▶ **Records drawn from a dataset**
lemma rho_Pw_less:
  assumes w_mono: "\<forall>a<n. \<forall>b<n. a < b \<and> blkrel P a b \<longrightarrow> w a < w b"
    and ab: "a < n" "b < n" "blkrel P a b" and Q_less: "blk Q (w a) < blk Q (w b)"
  shows "rho n (Pw_rel P Q w) (blkrel P) b < rho n (Pw_rel P Q w) (blkrel P) a"
  unfolding rho_eq_proj_half_root_sum proj_def
proof (rule mean_less_mean)
  have "a \<in> {y. y < n \<and> Pw_rel P Q w a y}" "b \<in> {y. y < n \<and> Pw_rel P Q w b y}"
    using ab by (simp_all add: Pw_rel_def blkrel_def)
  then show "{y. y < n \<and> Pw_rel P Q w a y} \<noteq> {}" "{y. y < n \<and> Pw_rel P Q w b y} \<noteq> {}"
    by blast+
  show "half_root_sum n (Pw_rel P Q w) (blkrel P) y < half_root_sum n (Pw_rel P Q w) (blkrel P) x"
    if "x \<in> {y. y < n \<and> Pw_rel P Q w a y}" "y \<in> {y. y < n \<and> Pw_rel P Q w b y}" for x y
    using half_root_sum_Pw_less[OF w_mono] that ab Q_less by (simp add: Pw_rel_def blkrel_def)
qed simp_all

lemma rho_Pw_less_at_coroot_signs:
  assumes "in_QWP n Q P w" "psub n (blkrel Q) (blkrel R)" "c \<in> cuts R"
    and ab: "a < n" "b < n" "blkrel P a b"
    and signs: "0 < coroot n R c (w a)" "coroot n R c (w b) < 0"
  shows "rho n (Pw_rel P Q w) (blkrel P) b < rho n (Pw_rel P Q w) (blkrel P) a"
proof -
  have w_perm: "w permutes {..<n}"
    and w_mono: "\<forall>a<n. \<forall>b<n. a < b \<and> blkrel P a b \<longrightarrow> w a < w b"
    using assms(1) by (simp_all add: in_QWP_def)
  have "blk R (w a) < blk R (w b)" using coroot_pos_neg_blk_less[OF assms(3) signs] .
  then have "blk Q (w a) < blk Q (w b)"
    using blk_less_if_refines[OF assms(2)] permutes_in_image[OF w_perm] ab by simp
  then show ?thesis by (rule rho_Pw_less[OF w_mono ab])
qed

theorem mainTheorem9:
  fixes n :: nat and P Q R rs ds :: "nat list" and w :: "nat \<Rightarrow> nat" and g :: "nat \<Rightarrow> real"
  assumes "is_comp n P"
    and "length rs = length P" and "length ds = length P"
    and "\<forall>i<length P. 0 < rs ! i \<and> 0 < ds ! i \<and> P ! i = rs ! i * ds ! i"
    and "is_comp n Q" and "is_comp n R"
    and "psub n (blkrel Q) (blkrel R)"
    and "in_QWP n Q P w"
    and "psub n (blkrel (Ppi_comp rs ds)) (Pw_rel P Q w)"
    and "g \<in> simple_coroots n R"
    and "in_w_a0P n P w g"
  shows "pairing n (wact w (nu n P rs (Pw_rel P Q w))) g < 0"
proof -
  have w_perm: "w permutes {..<n}" using assms(8) by (simp add: in_QWP_def)
  obtain c where c: "c \<in> cuts R" and g_def: "g = coroot n R c"
    using assms(10) by (auto simp: simple_coroots_def)
  have "c - 1 < n" using cuts_bounds[OF assms(6) c] by simp
  then have "c - 1 \<in> w ` {..<n}" unfolding permutes_image[OF w_perm] by simp
  then obtain a0 where a0: "c - 1 = w a0" "a0 \<in> {..<n}" by (rule imageE)
  have "0 < (\<Sum>a\<in>{..<n}. rho n (Pw_rel P Q w) (blkrel P) a * g (w a) / real (rs ! blk P a))"
  proof (rule sum_blockwise_pos[where h = "\<lambda>a. g (w a)" and block = "blk P"
        and c = "\<lambda>i. real (rs ! i)"])
    show "(\<Sum>a\<in>{a\<in>{..<n}. blk P a = i}. g (w a)) = 0" for i
      using in_w_a0P_block_sum_zero[OF w_perm assms(11)] .
    show "rho n (Pw_rel P Q w) (blkrel P) b < rho n (Pw_rel P Q w) (blkrel P) a"
      if "a \<in> {..<n}" "b \<in> {..<n}" "blk P a = blk P b" "0 < g (w a)" "g (w b) < 0" for a b
      using rho_Pw_less_at_coroot_signs[OF assms(8,7) c] that g_def by (simp add: blkrel_def)
    show "0 < real (rs ! blk P a)" if "a \<in> {..<n}" for a
      using assms(4) blk_less_length[OF assms(1)] that by simp
    show "a0 \<in> {..<n}" "g (w a0) \<noteq> 0"
      using a0 coroot_pred_cut_pos[OF assms(6) c] g_def by simp_all
  qed simp
  then show ?thesis by (simp add: pairing_wact[OF w_perm] nu_def sum_negf)
qed

end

▶ **EXERCISE PROMPT**
Your answer must consist only of the lines from the one containing "using rho_Pw_less_at_coroot_signs[OF assms(8,7)" through the last line of the data above, both included, exactly as written.

▶ **FINAL ANSWER**
      using rho_Pw_less_at_coroot_signs[OF assms(8,7) c] that g_def by (simp add: blkrel_def)
    show "0 < real (rs ! blk P a)" if "a \<in> {..<n}" for a
      using assms(4) blk_less_length[OF assms(1)] that by simp
    show "a0 \<in> {..<n}" "g (w a0) \<noteq> 0"
      using a0 coroot_pred_cut_pos[OF assms(6) c] g_def by simp_all
  qed simp
  then show ?thesis by (simp add: pairing_wact[OF w_perm] nu_def sum_negf)
qed

end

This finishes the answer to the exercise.